As I wrote this on the afternoon of Friday the 13th, the S&P 500 sat near the cusp of yet another all-time high, driven by…what else…rumors that the December 15th tariff deadline could pass without any tariffs being assessed. U.K. election results are also driving headlines, but I’m not going to pretend to be an expert in geopolitical events.
Here are the topics I’d like to cover this week:
- The latest Fed meeting
- ESG (Environmental-Social-Governance) Investing
- More thoughts on Energy
Last Fed Meeting of 2019. Yawn.
Not much to say here. The market was expecting the Federal Reserve to stay put last Wednesday, after three rate cuts earlier this year. Per Charlie Bilello, there have been 85 meetings since the current expansion began. There has not been a single rate “surprise.” The current baseline is that the Federal Reserve keeps rates unchanged through 2020. I am skeptical and tend to think that any “growth scare” and accompanying market sell-off will force Jerome Powell and the committee off the sidelines to appease the market. Especially in an election year. Dave and I don’t have a call one way or the other–we aren’t going to wade into the pool of “Fed Guessers” but we both think that there is probably more politics at play at this point in the election cycle than not.

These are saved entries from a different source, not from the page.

lemma commutator_XeK:
  assumes T: "T \<subseteq> Kb"
  shows "Dag (omK \<^bold>\<and> XeK T) = omK \<^bold>\<and> Dag (XeK T) + ext_smult (real (card Kb)
      - 2 * real (card T)) (XeK T)"
proof -
  have card_diff: "real (card (Kb - T)) = real (card Kb) - real (card T)"
    using card_Diff_subset[OF finite_subset[OF T Kbar_finite] T] card_mono[OF Kbar_finite T] by simp
  show ?thesis
    unfolding omega_hat_dag_omega_Kbar_wedge_XeK[OF T] omega_Kbar_wedge_omega_hat_dag_XeK[OF T] card_diff
    by (simp add: fun_eq_iff ext_smult_def algebra_simps)
qed

lemma homog_commutator:
  "homog d y \<Longrightarrow> Dag (omK \<^bold>\<and> y) = omK \<^bold>\<and> Dag y + ext_smult (real (card Kb) - 2 * real d) y"
proof (induct rule: homog.induct)
  case (zero d) show ?case
    by (simp only: wedge_zero_right omega_hat_dag_zero ext_smult_zero add_0_right)
next
  case (XeK T d) thus ?case using commutator_XeK by simp
next
  case (add d x y) show ?case
    unfolding wedge_add_right omega_hat_dag_add add(2) add(4) ext_smult_add by (simp only: add_ac)
next
  case (smult d x c) show ?case
    unfolding wedge_smult_right omega_hat_dag_smult smult(2) ext_smult_add ext_smult_smult
      by (simp only: mult.commute)
qed

end

section \<open>The string through V_T \<and> e_K\<close>

locale tableau_setup = Kbar_setup +
  fixes l :: nat and T :: "nat \<Rightarrow> nat \<Rightarrow> nat"
  assumes TS: "T \<in> SYT (card (Kbar N K)) l"
begin

abbreviation m :: nat where "m \<equiv> card Kb"

definition alpha :: "nat \<Rightarrow> int" where "alpha i = Kbar_nth N K (T i 1)"
definition beta :: "nat \<Rightarrow> int" where "beta i = Kbar_nth N K (T i 2)"
definition Yrow :: "nat \<Rightarrow> ext" where "Yrow i = Xe (alpha i) - Xe (beta i)"

lemma two_l_le: "2 * l \<le> m" using TS by (simp add: SYT_def)

lemma T_bij: "bij_betw (\<lambda>(i, c). T i c) (syt_cells m l) {1..m}" using TS by (simp add: SYT_def)
lemma splits_in_words:
  assumes "(u, v) \<in> set (splits w)" "w \<in> words m"
  shows "u \<in> words m" "v \<in> words m"
  using splits_subseqs[OF assms(1)] assms(2)
  by (auto simp: words_def dest!: set_subset_of_subseqs)

definition words_of_length :: "nat \<Rightarrow> nat \<Rightarrow> nat list set" where
  "words_of_length m k = {\<eta> \<in> words m. length \<eta> = k}"

lemma finite_words_of_length: "finite (words_of_length m k)"
  using finite_lists_length_eq[of "{0..m}" k]
  by (simp add: words_of_length_def words_def conj_commute)

lemma words_of_length_0: "words_of_length m 0 = {[]}"
  by (auto simp: words_of_length_def)

lemma words_of_length_Suc:
  "words_of_length m (Suc k) = (\<lambda>(i, \<eta>). i # \<eta>) ` ({0..m} \<times> words_of_length m k)"
  by (auto simp: words_of_length_def image_iff length_Suc_conv)

lemma sum_words_of_length_Suc:
  "(\<Sum>\<eta>\<in>words_of_length m (Suc k). g \<eta>) = (\<Sum>i=0..m. \<Sum>\<eta>\<in>words_of_length m k. g (i # \<eta>))"
proof -
  have "inj_on (\<lambda>(i, \<eta>). i # \<eta>) ({0..m} \<times> words_of_length m k)"
    by (auto simp: inj_on_def)
  then show ?thesis
    by (simp add: words_of_length_Suc sum.reindex sum.cartesian_product split_def)
qed

lemma norm_le_vnorm: "i < n \<Longrightarrow> norm (z i) \<le> vnorm n z"
  unfolding vnorm_def by (rule Max_ge) auto

lemma vnorm_nonneg: "vnorm n z \<ge> 0"
  by (simp add: vnorm_def)

lemma vnorm_leI: "B \<ge> 0 \<Longrightarrow> (\<And>i. i < n \<Longrightarrow> norm (z i) \<le> B) \<Longrightarrow> vnorm n z \<le> B"
  unfolding vnorm_def by (subst Max_le_iff) auto

lemma vnorm_le_linf_norm:
  assumes "in_linf m M n c" "M > 0" "\<eta> \<in> words m"
  shows "vnorm n (c \<eta>) \<le> linf_norm m M n c * M ^ length \<eta> * fact (length \<eta>)"
proof -
  have "vnorm n (c \<eta>) / (M ^ length \<eta> * fact (length \<eta>)) \<le> linf_norm m M n c"
    using assms unfolding in_linf_def linf_norm_def normset_def by (auto intro: cSup_upper)
  moreover have "M ^ length \<eta> * fact (length \<eta>) > 0"
    using assms(2) by simp
  ultimately show ?thesis
    by (simp add: divide_le_eq mult.assoc)
qed

lemma norm_le_linf_norm:
  assumes "in_linf m M n c" "M > 0" "\<eta> \<in> words m" "i < n"
  shows "norm (c \<eta> i) \<le> linf_norm m M n c * M ^ length \<eta> * fact (length \<eta>)"
  using norm_le_vnorm[OF assms(4)] vnorm_le_linf_norm[OF assms(1-3)] by (rule order_trans)

lemma linf_norm_nonneg: "in_linf m M n c \<Longrightarrow> M > 0 \<Longrightarrow> linf_norm m M n c \<ge> 0"
  using vnorm_le_linf_norm[of m M n c "[]"] vnorm_nonneg[of n "c []"] by simp

lemma in_linf_linf_norm_leI:
  assumes "M > 0"
    and bound: "\<And>\<eta>. \<eta> \<in> words m \<Longrightarrow> vnorm n (c \<eta>) \<le> B * M ^ length \<eta> * fact (length \<eta>)"
  shows "in_linf m M n c \<and> linf_norm m M n c \<le> B"
proof -
  have le_B: "x \<le> B" if x_in: "x \<in> normset m M n c" for x
  proof -
    obtain \<eta> where "\<eta> \<in> words m" and x: "x = vnorm n (c \<eta>) / (M ^ length \<eta> * fact (length \<eta>))"
      using x_in unfolding normset_def by blast
    then show ?thesis
      using bound[of \<eta>] assms(1) by (simp add: divide_le_eq mult.assoc)
  qed
  have "normset m M n c \<noteq> {}"
    unfolding normset_def using Nil_in_words by blast
  with le_B show ?thesis
    unfolding in_linf_def linf_norm_def by (meson bdd_aboveI cSup_least)
qed

section \<open>The majorants\<close>

lemma phi_nonneg: "a \<ge> 0 \<Longrightarrow> phi a \<ge> 0"
  by (simp add: phi_def)
lemma hidden_block_graph_return_path:
  "1 \<le> k \<Longrightarrow> k \<le> M \<Longrightarrow> (Suc n, n + k) \<in> (hidden_block_graph n M lo m)\<^sup>*"
proof (induction k)
  case 0 then show ?case by simp
next
  case (Suc k)
  show ?case
  proof (cases "k = 0")
    case True then show ?thesis by simp
  next
    case False
    then have "(Suc n, n + k) \<in> (hidden_block_graph n M lo m)\<^sup>*" using Suc by auto
    moreover have "(n + k, n + Suc k) \<in> hidden_block_graph n M lo m"
      using False Suc.prems unfolding hidden_block_graph_def by auto
    ultimately show ?thesis by (rule rtrancl_into_rtrancl)
  qed
qed

lemma hidden_block_graph_return:
  assumes "1 \<le> M" "i < n" shows "(Suc i, 0) \<in> (hidden_block_graph n M lo m)\<^sup>*"
proof -
  have "(Suc i, Suc n) \<in> hidden_block_graph n M lo m"
    using assms unfolding hidden_block_graph_def by auto
  moreover have "(Suc n, n + M) \<in> (hidden_block_graph n M lo m)\<^sup>*"
    using hidden_block_graph_return_path assms by auto
  moreover have "(n + M, 0) \<in> hidden_block_graph n M lo m" unfolding hidden_block_graph_def by auto
  ultimately show ?thesis by (meson converse_rtrancl_into_rtrancl rtrancl_into_rtrancl)
qed

lemma crd_mdp_hidden_block_graph:
  assumes "1 \<le> M" shows "crd_mdp n (hidden_block_graph n M lo m) 0 Suc"
  unfolding crd_mdp_def
proof (intro conjI allI impI)
  show "finite (hidden_block_graph n M lo m)" by (rule finite_hidden_block_graph)
  show "inj_on Suc {..<n}" by simp
  show "0 \<notin> Suc ` {..<n}" by auto
  fix j assume j: "j < n"
  show "(0, Suc j) \<in> (hidden_block_graph n M lo m)\<^sup>*" using hidden_block_graph_start[OF j] by auto
  fix i assume i: "i < n"
  show "(Suc i, Suc j) \<in> (hidden_block_graph n M lo m)\<^sup>*"
    using hidden_block_graph_return[OF assms i] hidden_block_graph_start[OF j, of M lo m]
    by (meson rtrancl_into_rtrancl)
qed

lemma sdist_hidden_block_graph_start:
  assumes "i < n" shows "sdist (hidden_block_graph n M lo m) 0 (Suc i) = 1"
proof -
  have "sdist (hidden_block_graph n M lo m) 0 (Suc i) \<le> 1"
    using hidden_block_graph_start[OF assms] by (intro sdist_le_relpow) auto
  moreover have "sdist (hidden_block_graph n M lo m) 0 (Suc i) \<noteq> 0"
    using sdist_eq_0D[of 0 "Suc i" "hidden_block_graph n M lo m"]
      hidden_block_graph_start[OF assms, of M lo m] by auto
  ultimately show ?thesis by simp
qed
lemma deficit_attained:
  assumes "L \<noteq> {}" and bound: "\<And>u v. u @ v \<in> L \<Longrightarrow> - height u \<le> int b"
  obtains n where "n \<le> b" "deficit L = ereal n" "\<And>u v. u @ v \<in> L \<Longrightarrow> - height u \<le> int n"
proof -
  define I where "I = {n. \<exists>u v. u @ v \<in> L \<and> - height u = int n}"
  obtain w0 where "w0 \<in> L" using assms(1) by blast
  then have "0 \<in> I" unfolding I_def by (intro CollectI exI[of _ "[]"] exI[of _ w0]) simp
  moreover have "\<forall>m. m \<in> I \<longrightarrow> m \<le> b" using bound by (force simp: I_def)
  ultimately obtain n where n: "n \<in> I" "\<forall>m. m \<in> I \<longrightarrow> m \<le> n"
    using Nat.ex_has_greatest_nat[of "\<lambda>m. m \<in> I"] by blast
  have max: "- height u \<le> int n" if uv: "u @ v \<in> L" for u v
  proof (cases "0 \<le> - height u")
    case True
    with uv have "nat (- height u) \<in> I" unfolding I_def by auto
    with n(2) True show ?thesis by auto
  qed simp
  have "deficit L = ereal n"
    unfolding deficit_def by (rule cSup_eq_maximum) (use n(1) max in \<open>force simp: I_def\<close>)+
  with that n(1) max \<open>\<forall>m. m \<in> I \<longrightarrow> m \<le> b\<close> show ?thesis by blast
qed

lemma wf_context_obtains_wf_prefix:
  assumes "L \<noteq> {}" and wf_context: "\<And>w. w \<in> L \<Longrightarrow> well_formed (\<alpha> @ w @ \<beta>)"
  obtains r where "length r \<le> height \<alpha>" "deficit L = ereal (length r)"
    "wf_lang ((\<lambda>w. map Op r @ w) ` L)"
proof -
  obtain w0 where "w0 \<in> L" using assms(1) by blast
  with wf_context have "well_formed (\<alpha> @ w0 @ \<beta>)" .
  then obtain t where t: "stack \<alpha> = map Op t"
    using well_formed_append_stack_opens opens_eq_map_Op by blast
  then have height_\<alpha>: "height \<alpha> = int (length t)" using height_stack[of \<alpha>] by simp
  have "- height u \<le> int (length t)" if "u @ v \<in> L" for u v
    using well_formed_append_height_nonneg[of "\<alpha> @ u" "v @ \<beta>"] wf_context[OF that] height_\<alpha>
    by simp
  then obtain n where n: "n \<le> length t" "deficit L = ereal n"
    and max: "\<And>u v. u @ v \<in> L \<Longrightarrow> - height u \<le> int n"
    using deficit_attained[OF assms(1)] by metis
  \<comment> \<open>Reading w never reaches below the top n brackets of the stack of alpha, so
    these n brackets alone already make w well-formed.\<close>
  define r where "r = rev (take n t)"
  have "well_formed (map Op r @ w)" if w: "w \<in> L" for w
  proof -
    have "stack (\<alpha> @ w) = foldl stack_step (map Op (take n t) @ map Op (drop n t)) w"
      using t by (simp add: stack_def flip: map_append)
    also have "\<dots> = foldl stack_step (map Op (take n t)) w @ map Op (drop n t)"
    proof (rule foldl_stack_step_append_bottom)
      fix u v assume "w = u @ v"
      with max w have "- height u \<le> int n" by blast
      with n(1) show "0 \<le> height (map Op (take n t)) + height u" by simp
    qed
    finally have "\<forall>x\<in>set (foldl stack_step (map Op (take n t)) w). is_open x"
      using wf_context[OF w] well_formed_append_stack_opens[of "\<alpha> @ w" \<beta>] by simp
    moreover have "stack (map Op r @ w) = foldl stack_step (map Op (take n t)) w"
      by (simp add: stack_def foldl_stack_step_map_Op r_def rev_map)
    ultimately show ?thesis by (simp add: well_formed_iff_stack)
  qed
  moreover have "length r = n" using n(1) by (simp add: r_def)
  ultimately show ?thesis using that[of r] n height_\<alpha> by (simp add: wf_lang_def)
qed

lemma deriv_step_append: "deriv_step P x y \<Longrightarrow> deriv_step P (p @ x @ s) (p @ y @ s)"
  by (induction rule: deriv_step.induct) (metis append.assoc deriv_step.intros)

lemma derives_append_context: "derives P x y \<Longrightarrow> derives P (p @ x @ s) (p @ y @ s)"
  by (induction rule: rtranclp_induct) (auto intro: rtranclp.rtrancl_into_rtrancl deriv_step_append)

lemma derives_append: "derives P a a' \<Longrightarrow> derives P b b' \<Longrightarrow> derives P (a @ b) (a' @ b')"
  using derives_append_context[of P a a' "[]" b] derives_append_context[of P b b' a' "[]"]
  by simp

lemma derives_from_axiom_nts: "derives P [Inl S] g \<Longrightarrow> Inl X \<in> set g \<Longrightarrow> X \<in> nts P S"
proof (induction g arbitrary: X rule: rtranclp_induct)
  case base
  then show ?case by (simp add: nts_def)
next
  case (step y z)
  from step.hyps(2) obtain Y rhs u v
    where prod: "(Y, rhs) \<in> P" and y: "y = u @ [Inl Y] @ v" and z: "z = u @ rhs @ v"
    by (auto elim: deriv_step.cases)
  show ?case
  proof (cases "Inl X \<in> set rhs")
    case True
    with prod show ?thesis unfolding nts_def by blast
  next
    case False
    with step.prems y z have "Inl X \<in> set y" by auto
    then show ?thesis by (rule step.IH)
  qed
qed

ESG investing means buying companies with sound practices regarding the environment, social responsibility and corporate governance, and usually avoids energy, tobacco, firearms…the usual suspects. From Eric Balchunas over at Bloomberg, a performance back test shows that a basket of “ESG rejects” handily beat the broader market since the beginning of 2013. Keep in mind that this is a “relative” exercise, and simply takes the 20 lowest scoring stocks in the S&P 100 by Sustainalystics’ ranking methodology. Another way of putting this: are the lowest scoring stocks truly “bad” companies, or do they simply score poorly relative to peers? There’s a ton of ways to slice and dice the ESG angle, but this was a fun find.
As an individual investor, there are ways to go about socially-conscious investing, but be wary of strategies that abandon entire industries wholesale; you could be leaving some performance on the table. We have been giving some straight forward advice to people who’ve asked about this – so here it is for you to consider. If you’ve got a gain in a position that you feel doesn’t measure up to a personal “ESG” desire, donate the gains to charity. It’s simple and we think it’s a great way to direct funds to charity rather than forgo gains altogether. Call us if you have any thoughts along those lines and we can take a look at options tailored to your specific situation.
Let’s Revisit Energy
The second half of last week’s post was dedicated to the energy sector, and for good reason. It is, by far, the worst performing sector in the S&P 500 year to date and has been a huge laggard over the last 10 years. The break got started in the fourth quarter of 2014. A natural and fair question then, is…why own ANY energy stocks, given the world seems to be moving away from conventional oil and gas?
Lawrence Hamtil offers some really good color on the subject, illustrating that energy is largely uncorrelated with other sectors in the S&P, due in large part to its relationship with the U.S. dollar. And of course, should inflationary expectations build, oil and gas stocks are set to benefit as hedges. A qualitative assessment I would add: as the world continues to slowly drift towards renewables and alternative fuel sources, who’s to say that large integrated energy names won’t participate in research, development, and infrastructure buildout? Exxon Mobil will likely look VERY different 50 years down the road, but in the meantime, expect there to be steady demand for conventional crude oil products. For a really authoritative look at the future of energy, it is hard to beat Michael Cembalest’s annual joint paper with University of Manitoba professor Vaclav Smil. Check out the International Energy Agency (IEA) projections graphic on page 4, which illustrates the slow anticipated rise in nuclear, renewables and bioenergy.